▶ _PROBLEM DESCRIPTION_: Needed from the data below: every line from the one with "define T where" up to and including the one with "using regular_normal_cone_gph_local[OF V_open", repeated exactly and with nothing else.

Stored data
++++++

sublocale hg: submersion_at "\<lambda>x. h (g x)" "\<lambda>x. h' (g x) o\<^sub>L g' x" xbar
proof
  show "((\<lambda>x. h (g x)) has_derivative blinfun_apply (h' (g x) o\<^sub>L g' x)) (at x)" for x
  proof -
    have "blinfun_apply (h' (g x) o\<^sub>L g' x) = (\<lambda>v. blinfun_apply (h' (g x)) (blinfun_apply (g' x) v))"
      by (rule ext) simp
    then show ?thesis
      using has_derivative_compose[OF C2_withD(1)[OF g_C2, of x] C2_withD(1)[OF h_C2, of "g x"]]
      by (simp add: o_def)
  qed
  have "isCont (\<lambda>x. h' (g x)) xbar" by (rule isCont_o2[OF C2_withD(4)[OF g_C2] C2_withD(3)[OF h_C2]])
  then show "isCont (\<lambda>x. h' (g x) o\<^sub>L g' x) xbar" unfolding isCont_def
    by (rule bounded_bilinear.tendsto[OF bounded_bilinear_blinfun_compose _ C2_withD(3)[OF g_C2, unfolded isCont_def]])
  show "surj (blinfun_apply (h' (g xbar) o\<^sub>L g' xbar))"
    using surj_Jh_Jg by (simp add: comp_def)
qed

lemma Gamma_eq_vimage_locally: "open (g -` V)" "xbar \<in> g -` V" "g -` D \<inter> g -` V = (\<lambda>x. h (g x)) -` \<Theta> \<inter> g -` V"
proof -
  have "continuous_on UNIV g" using C2_withD(4)[OF g_C2] by (simp add: continuous_on_eq_continuous_at)
  then show "open (g -` V)" using open_vimage[OF V_open] by blast
qed (use V_nhd D_local in auto)

lemma D_eq_vimage_locally: "D \<inter> V = h -` \<Theta> \<inter> V"
  using D_local by auto

lemma regular_normal_cone_D:
  "regular_normal_cone D (g xbar) = adjoint Jh ` regular_normal_cone \<Theta> (h (g xbar))"
  using regular_normal_cone_local[OF V_open V_nhd D_eq_vimage_locally] h.regular_normal_cone_vimage by simp

lemma regular_normal_cone_Gamma:
  "regular_normal_cone (g -` D) xbar = (\<lambda>\<nu>. adjoint Jg (adjoint Jh \<nu>)) ` regular_normal_cone \<Theta> (h (g xbar))"
  using regular_normal_cone_local[OF Gamma_eq_vimage_locally] hg.regular_normal_cone_vimage
  by (simp add: adjoint_blinfun_compose image_comp[symmetric] comp_def)

lemma multiplier_exists_unique:
  assumes "xstar \<in> regular_normal_cone (g -` D) xbar"
  shows "\<exists>!lam. lam \<in> regular_normal_cone D (g xbar) \<and> adjoint Jg lam = xstar"
proof (rule ex_ex1I)
  obtain \<nu> where "\<nu> \<in> regular_normal_cone \<Theta> (h (g xbar))" "xstar = adjoint Jg (adjoint Jh \<nu>)"
    using assms regular_normal_cone_Gamma by auto
  then show "\<exists>lam. lam \<in> regular_normal_cone D (g xbar) \<and> adjoint Jg lam = xstar"
    using regular_normal_cone_D by auto
next
  have inj: "inj (adjoint (Jh \<circ> Jg))"
    using surj_Jh_Jg by (simp add: linear_compose linear_blinfun_apply)
  fix l1 l2 assume "l1 \<in> regular_normal_cone D (g xbar) \<and> adjoint Jg l1 = xstar"
    and "l2 \<in> regular_normal_cone D (g xbar) \<and> adjoint Jg l2 = xstar"
  then obtain \<nu>1 \<nu>2 where "l1 = adjoint Jh \<nu>1" "l2 = adjoint Jh \<nu>2"
    "adjoint (Jh \<circ> Jg) \<nu>1 = adjoint (Jh \<circ> Jg) \<nu>2"
    using regular_normal_cone_D by (auto simp: adjoint_compose linear_blinfun_apply)
  then show "l1 = l2" using inj by (simp add: inj_eq)
qed

lemma tangent_cone_gph_hg:
  "tangent_cone (gph (regular_normal_cone ((\<lambda>x. h (g x)) -` \<Theta>))) (xbar, adjoint Jg (adjoint Jh \<nu>)) =
     {(u, hess_mult (adjoint Jh \<nu>) (g'' xbar) u + adjoint Jg (hess_mult \<nu> (h'' (g xbar)) (Jg u))
          + adjoint Jg (adjoint Jh \<eta>)) | u \<eta>.
        (Jh (Jg u), \<eta>) \<in> tangent_cone (gph (regular_normal_cone \<Theta>)) (h (g xbar), \<nu>)}"
proof -
  have "((\<lambda>x. adjoint (blinfun_apply (h' (g x))) \<nu>) has_derivative (\<lambda>u. hess_mult \<nu> (h'' (g xbar)) (Jg u))) (at xbar)"
    using has_derivative_compose[OF C2_withD(1)[OF g_C2, of xbar]
        has_derivative_adjoint_apply_const[OF C2_withD(2)[OF h_C2, of "g xbar"]]] by (simp add: o_def)
  from has_derivative_adjoint_apply[OF C2_withD(2)[OF g_C2, of xbar] this]
  have "((\<lambda>x. adjoint (blinfun_apply (h' (g x) o\<^sub>L g' x)) \<nu>) has_derivative
      (\<lambda>u. hess_mult (adjoint Jh \<nu>) (g'' xbar) u + adjoint Jg (hess_mult \<nu> (h'' (g xbar)) (Jg u)))) (at xbar)"
    by (simp add: adjoint_blinfun_compose)
  from hg.tangent_cone_gph_vimage[OF this] show ?thesis
    by (simp add: adjoint_blinfun_compose add.assoc)
qed

lemma tangent_cone_gph_h:
  "tangent_cone (gph (regular_normal_cone (h -` \<Theta>))) (g xbar, adjoint Jh \<nu>) =
     {(z, hess_mult \<nu> (h'' (g xbar)) z + adjoint Jh \<eta>) | z \<eta>.
        (Jh z, \<eta>) \<in> tangent_cone (gph (regular_normal_cone \<Theta>)) (h (g xbar), \<nu>)}"
  by (rule h.tangent_cone_gph_vimage[OF has_derivative_adjoint_apply_const[OF C2_withD(2)[OF h_C2, of "g xbar"]]])

lemma regular_normal_cone_gph_Gamma:
  assumes xstar: "xstar \<in> regular_normal_cone (g -` D) xbar"
    and lam: "lam \<in> regular_normal_cone D (g xbar)" "adjoint Jg lam = xstar"
  shows "regular_normal_cone (gph (regular_normal_cone (g -` D))) (xbar, xstar) =
     {(wstar, w). \<exists>vstar. (vstar, Jg w) \<in> regular_normal_cone (gph (regular_normal_cone D)) (g xbar, lam)
          \<and> wstar = - hess_mult lam (g'' xbar) w + adjoint Jg vstar}"
proof -
  obtain \<nu> where \<nu>: "\<nu> \<in> regular_normal_cone \<Theta> (h (g xbar))" "lam = adjoint Jh \<nu>"
    using lam(1) regular_normal_cone_D by auto
  define T where "T = tangent_cone (gph (regular_normal_cone \<Theta>)) (h (g xbar), \<nu>)"
  have T0: "(0, 0) \<in> T"
    using zero_in_tangent_cone[of "(h (g xbar), \<nu>)"] \<nu>(1) by (simp add: T_def gph_def zero_prod_def)
  have in_gph_hg: "(xbar, xstar) \<in> gph (regular_normal_cone ((\<lambda>x. h (g x)) -` \<Theta>))"
    using xstar regular_normal_cone_local[OF Gamma_eq_vimage_locally] by (simp add: gph_def)
  have in_gph_h: "(g xbar, lam) \<in> gph (regular_normal_cone (h -` \<Theta>))"
    using lam(1) regular_normal_cone_local[OF V_open V_nhd D_eq_vimage_locally] by (simp add: gph_def)
  have "regular_normal_cone (gph (regular_normal_cone D)) (g xbar, lam)
      = polar_cone {(z, hess_mult \<nu> (h'' (g xbar)) z + adjoint Jh \<eta>) | z \<eta>. (Jh z, \<eta>) \<in> T}"
    using regular_normal_cone_gph_local[OF V_open V_nhd D_eq_vimage_locally] in_gph_h
    by (simp add: regular_normal_cone_def tangent_cone_gph_h \<nu>(2) T_def)
  moreover have "regular_normal_cone (gph (regular_normal_cone (g -` D))) (xbar, xstar)
      = polar_cone {(u, hess_mult lam (g'' xbar) u + adjoint Jg (hess_mult \<nu> (h'' (g xbar)) (Jg u))
          + adjoint Jg (adjoint Jh \<eta>)) | u \<eta>. (Jh (Jg u), \<eta>) \<in> T}"
    using regular_normal_cone_gph_local[OF Gamma_eq_vimage_locally] in_gph_hg
    by (simp add: regular_normal_cone_def tangent_cone_gph_hg \<nu>(2) lam(2)[symmetric] T_def)
  ultimately show ?thesis
    using polar_cone_graph_chain_rule[OF linear_blinfun_apply linear_blinfun_apply surj_Jh_Jg T0
        hess_mult_symmetric[OF g_C2] hess_mult_symmetric[OF h_C2]]
    by simp
qed

end

theorem mainTheorem5:
  fixes g :: "'n::euclidean_space \<Rightarrow> 's::euclidean_space"
    and g' :: "'n \<Rightarrow> 'n \<Rightarrow>\<^sub>L 's" and g'' :: "'n \<Rightarrow> 'n \<Rightarrow>\<^sub>L 'n \<Rightarrow>\<^sub>L 's"
    and D :: "'s set" and xbar xstar :: 'n
    and h :: "'s \<Rightarrow> 'd::euclidean_space"
    and h' :: "'s \<Rightarrow> 's \<Rightarrow>\<^sub>L 'd" and h'' :: "'s \<Rightarrow> 's \<Rightarrow>\<^sub>L 's \<Rightarrow>\<^sub>L 'd"
    and \<Theta> :: "'d set" and V :: "'s set"
  assumes g_C2: "C2_with g g' g''"
    and D_closed: "closed D"
    and xbar_in: "xbar \<in> g -` D"
    and A1_Theta: "closed \<Theta>"
    and A1_h: "C2_with h h' h''"
    and A1_V: "open V" "g xbar \<in> V"
    and A1_surj: "surj (blinfun_apply (h' (g xbar)))"
    and A1_D: "D \<inter> V = {z \<in> V. h z \<in> \<Theta>}"
    and A2: "\<forall>z. \<exists>u k. blinfun_apply (h' (g xbar)) k = 0 \<and> z = blinfun_apply (g' xbar) u + k"
    and xstar_in: "xstar \<in> regular_normal_cone (g -` D) xbar"
  shows "(\<exists>!lam. lam \<in> regular_normal_cone D (g xbar) \<and>
                 adjoint (blinfun_apply (g' xbar)) lam = xstar) \<and>
         (\<forall>lam. lam \<in> regular_normal_cone D (g xbar) \<and>
                 adjoint (blinfun_apply (g' xbar)) lam = xstar \<longrightarrow>
           regular_normal_cone (gph (regular_normal_cone (g -` D))) (xbar, xstar) =
             {(wstar, w). \<exists>vstar :: 's.
                 (vstar, blinfun_apply (g' xbar) w)
                    \<in> regular_normal_cone (gph (regular_normal_cone D)) (g xbar, lam) \<and>
                 wstar = - hess_mult lam (g'' xbar) w + adjoint (blinfun_apply (g' xbar)) vstar})"
proof -
  interpret reduction_at g g' g'' h h' h'' D \<Theta> V xbar
    using g_C2 A1_h A1_V A1_surj A1_D A2 by unfold_locales
  show ?thesis
    using multiplier_exists_unique[OF xstar_in] regular_normal_cone_gph_Gamma[OF xstar_in] by blast
qed

end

++++++

▶ _RESULT_:
  define T where "T = tangent_cone (gph (regular_normal_cone \<Theta>)) (h (g xbar), \<nu>)"
  have T0: "(0, 0) \<in> T"
    using zero_in_tangent_cone[of "(h (g xbar), \<nu>)"] \<nu>(1) by (simp add: T_def gph_def zero_prod_def)
  have in_gph_hg: "(xbar, xstar) \<in> gph (regular_normal_cone ((\<lambda>x. h (g x)) -` \<Theta>))"
    using xstar regular_normal_cone_local[OF Gamma_eq_vimage_locally] by (simp add: gph_def)
  have in_gph_h: "(g xbar, lam) \<in> gph (regular_normal_cone (h -` \<Theta>))"
    using lam(1) regular_normal_cone_local[OF V_open V_nhd D_eq_vimage_locally] by (simp add: gph_def)
  have "regular_normal_cone (gph (regular_normal_cone D)) (g xbar, lam)
      = polar_cone {(z, hess_mult \<nu> (h'' (g xbar)) z + adjoint Jh \<eta>) | z \<eta>. (Jh z, \<eta>) \<in> T}"
    using regular_normal_cone_gph_local[OF V_open V_nhd D_eq_vimage_locally] in_gph_h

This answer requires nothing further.